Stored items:
----------------------------------------

definition loopless :: "('a \<Rightarrow> 'a \<Rightarrow> bool) \<Rightarrow> bool" where
  "loopless E \<longleftrightarrow> (\<forall>x. \<not> E x x)"

definition connected_graph :: "('a \<Rightarrow> 'a \<Rightarrow> bool) \<Rightarrow> bool" where
  "connected_graph E \<longleftrightarrow> (\<forall>x y. E\<^sup>*\<^sup>* x y)"

definition has_edge :: "('a \<Rightarrow> 'a \<Rightarrow> bool) \<Rightarrow> bool" where
  "has_edge E \<longleftrightarrow> (\<exists>x y. E x y)"

definition nbhd :: "('a \<Rightarrow> 'a \<Rightarrow> bool) \<Rightarrow> 'a \<Rightarrow> 'a set" where
  "nbhd E a = {w. E a w}"

definition mono_nbhd :: "('a \<Rightarrow> 'a \<Rightarrow> bool) \<Rightarrow> bool" where
  "mono_nbhd E \<longleftrightarrow> (\<forall>a b. a \<noteq> b \<longrightarrow> card (nbhd E a \<inter> nbhd E b) \<le> 1)"

definition hom :: "('v \<Rightarrow> 'v \<Rightarrow> bool) \<Rightarrow> ('h \<Rightarrow> 'h \<Rightarrow> bool) \<Rightarrow> ('v \<Rightarrow> 'h) \<Rightarrow> bool" where
  "hom EG EH \<sigma> \<longleftrightarrow> (\<forall>u v. EG u v \<longrightarrow> EH (\<sigma> u) (\<sigma> v))"

inductive walk :: "('a \<Rightarrow> 'a \<Rightarrow> bool) \<Rightarrow> 'a \<Rightarrow> 'a walk \<Rightarrow> 'a \<Rightarrow> bool" for E where
  walk_Nil: "walk E x [] x"
| walk_Cons: "E x z \<Longrightarrow> walk E z W y \<Longrightarrow> walk E x ((x, z) # W) y"

definition inv_edge :: "'a oedge \<Rightarrow> 'a oedge" where
  "inv_edge e = (snd e, fst e)"

definition inv_walk :: "'a walk \<Rightarrow> 'a walk" where
  "inv_walk W = rev (map inv_edge W)"

definition reduced :: "'a walk \<Rightarrow> bool" where
  "reduced W \<longleftrightarrow> (\<forall>i. Suc i < length W \<longrightarrow> W ! Suc i \<noteq> inv_edge (W ! i))"

inductive del_step :: "'a walk \<Rightarrow> 'a walk \<Rightarrow> bool" where
  "del_step (A @ [e, inv_edge e] @ B) (A @ B)"

definition reduce :: "'a walk \<Rightarrow> 'a walk" where
  "reduce W = (THE R. reduced R \<and> del_step\<^sup>*\<^sup>* W R)"

definition wprod :: "'a walk \<Rightarrow> 'a walk \<Rightarrow> 'a walk" (infixl "\<cdot>" 70) where
  "A \<cdot> B = reduce (A @ B)"

definition reduced_walks :: "('a \<Rightarrow> 'a \<Rightarrow> bool) \<Rightarrow> 'a walk set" where
  "reduced_walks E = {W. reduced W \<and> (\<exists>x y. walk E x W y)}"

definition map_walk :: "('v \<Rightarrow> 'h) \<Rightarrow> 'v walk \<Rightarrow> 'h walk" where
  "map_walk \<alpha> W = map (\<lambda>(x, y). (\<alpha> x, \<alpha> y)) W"

definition recoloring_seq ::
  "('v \<Rightarrow> 'v \<Rightarrow> bool) \<Rightarrow> ('h \<Rightarrow> 'h \<Rightarrow> bool) \<Rightarrow> ('v \<Rightarrow> 'h) list \<Rightarrow> bool" where
  "recoloring_seq EG EH S \<longleftrightarrow> S \<noteq> [] \<and> (\<forall>\<sigma>\<in>set S. hom EG EH \<sigma>) \<and>
     (\<forall>i. Suc i < length S \<longrightarrow> (\<exists>!w. (S ! i) w \<noteq> (S ! Suc i) w))"

definition step_walk ::
  "('h \<Rightarrow> 'h \<Rightarrow> bool) \<Rightarrow> ('v \<Rightarrow> 'h) \<Rightarrow> ('v \<Rightarrow> 'h) \<Rightarrow> 'v \<Rightarrow> 'h walk" where
  "step_walk EH \<sigma>0 \<sigma>1 v =
     (if \<sigma>0 v = \<sigma>1 v then []
      else (let a = \<sigma>0 v; b = \<sigma>1 v; h = (THE h. h \<in> nbhd EH a \<inter> nbhd EH b)
            in [(a, h), (h, b)]))"

fun vertex_walk :: "('h \<Rightarrow> 'h \<Rightarrow> bool) \<Rightarrow> ('v \<Rightarrow> 'h) list \<Rightarrow> 'v \<Rightarrow> 'h walk" where
  "vertex_walk EH (\<sigma>0 # \<sigma>1 # S) v = step_walk EH \<sigma>0 \<sigma>1 v @ vertex_walk EH (\<sigma>1 # S) v"
| "vertex_walk EH _ v = []"

definition realizable ::
  "('v \<Rightarrow> 'v \<Rightarrow> bool) \<Rightarrow> ('h \<Rightarrow> 'h \<Rightarrow> bool) \<Rightarrow> 'h walk \<Rightarrow> ('v \<Rightarrow> 'h) \<Rightarrow> ('v \<Rightarrow> 'h) \<Rightarrow> 'v \<Rightarrow> bool" where
  "realizable EG EH Q \<alpha> \<beta> q \<longleftrightarrow>
     (\<exists>S. recoloring_seq EG EH S \<and> hd S = \<alpha> \<and> last S = \<beta> \<and> reduce (vertex_walk EH S q) = Q)"

definition topologically_valid ::
  "('v \<Rightarrow> 'v \<Rightarrow> bool) \<Rightarrow> ('h \<Rightarrow> 'h \<Rightarrow> bool) \<Rightarrow> 'h walk \<Rightarrow> ('v \<Rightarrow> 'h) \<Rightarrow> ('v \<Rightarrow> 'h) \<Rightarrow> 'v \<Rightarrow> bool" where
  "topologically_valid EG EH Q \<alpha> \<beta> q \<longleftrightarrow>
     reduced Q \<and> walk EH (\<alpha> q) Q (\<beta> q) \<and>
     (\<forall>C. walk EG q C q \<longrightarrow>
        reduce (map_walk \<beta> C) = (inv_walk Q \<cdot> reduce (map_walk \<alpha> C)) \<cdot> Q)"

end

theory Submission
  imports Defs
begin

(* Two walks are homotopic if they have the same free reduction; this
   is a congruence for concatenation and inversion, and W @ W^{-1} is null-homotopic.
   First, reduction is made computable: pushing edges one by one onto a reduced walk
   (cancelling against the head) yields a reduced walk reachable by deletions, and
   since it is invariant under deletions it is the unique one, i.e. equals reduce.
   Second, a single recoloring step sigma0 -> sigma1 that changes vertex w through the
   common neighbour colour h satisfies, for every edge uv of G,
       sigma1(u)sigma1(v)  ~  S(u)^{-1} sigma0(u)sigma0(v) S(v)
   (only u = w or v = w is nontrivial, and then one backtrack cancels).  Chaining
   along a walk C from x to y gives sigma1(C) ~ S(x)^{-1} sigma0(C) S(y); an induction
   over the recoloring sequence gives beta(C) ~ P(x)^{-1} alpha(C) P(y) for the
   concatenated vertex walks P, which are walks in H.  For a closed walk at q and
   Q = reduce P(q) this is exactly topological validity. *)

section \<open>Computing free reduction\<close>

lemma inv_edge_inv_edge [simp]: "inv_edge (inv_edge e) = e"
  by (simp add: inv_edge_def)

fun cancel_cons :: "'a oedge \<Rightarrow> 'a walk \<Rightarrow> 'a walk" where
  "cancel_cons e [] = [e]"
| "cancel_cons e (f # R) = (if f = inv_edge e then R else e # f # R)"

fun red :: "'a walk \<Rightarrow> 'a walk" where
  "red [] = []"
| "red (e # W) = cancel_cons e (red W)"

lemma reduced_Nil [simp]: "reduced []" and reduced_single [simp]: "reduced [e]"
  by (auto simp: reduced_def)

lemma reduced_Cons2 [simp]:
  "reduced (e # f # R) \<longleftrightarrow> f \<noteq> inv_edge e \<and> reduced (f # R)"
proof
  assume r: "reduced (e # f # R)"
  have "reduced (f # R)"
    unfolding reduced_def using r[unfolded reduced_def, rule_format, of "Suc _"] by simp
  then show "f \<noteq> inv_edge e \<and> reduced (f # R)"
    using r[unfolded reduced_def, rule_format, of 0] by simp
next
  assume a: "f \<noteq> inv_edge e \<and> reduced (f # R)"
  show "reduced (e # f # R)" unfolding reduced_def
  proof (intro allI impI)
    fix i assume i: "Suc i < length (e # f # R)"
    show "(e # f # R) ! Suc i \<noteq> inv_edge ((e # f # R) ! i)"
      using a a[THEN conjunct2, unfolded reduced_def, rule_format, of "i - 1"] i
      by (cases i) auto
  qed
qed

----------------------------------------

### What the task requires
Only the lines above from the line with "reduce (map_walk \<beta>" to the line with "since it is", those two lines included, should be reproduced exactly.

### Task result
        reduce (map_walk \<beta> C) = (inv_walk Q \<cdot> reduce (map_walk \<alpha> C)) \<cdot> Q)"

end

theory Submission
  imports Defs
begin

(* Two walks are homotopic if they have the same free reduction; this
   is a congruence for concatenation and inversion, and W @ W^{-1} is null-homotopic.
   First, reduction is made computable: pushing edges one by one onto a reduced walk
   (cancelling against the head) yields a reduced walk reachable by deletions, and
   since it is invariant under deletions it is the unique one, i.e. equals reduce.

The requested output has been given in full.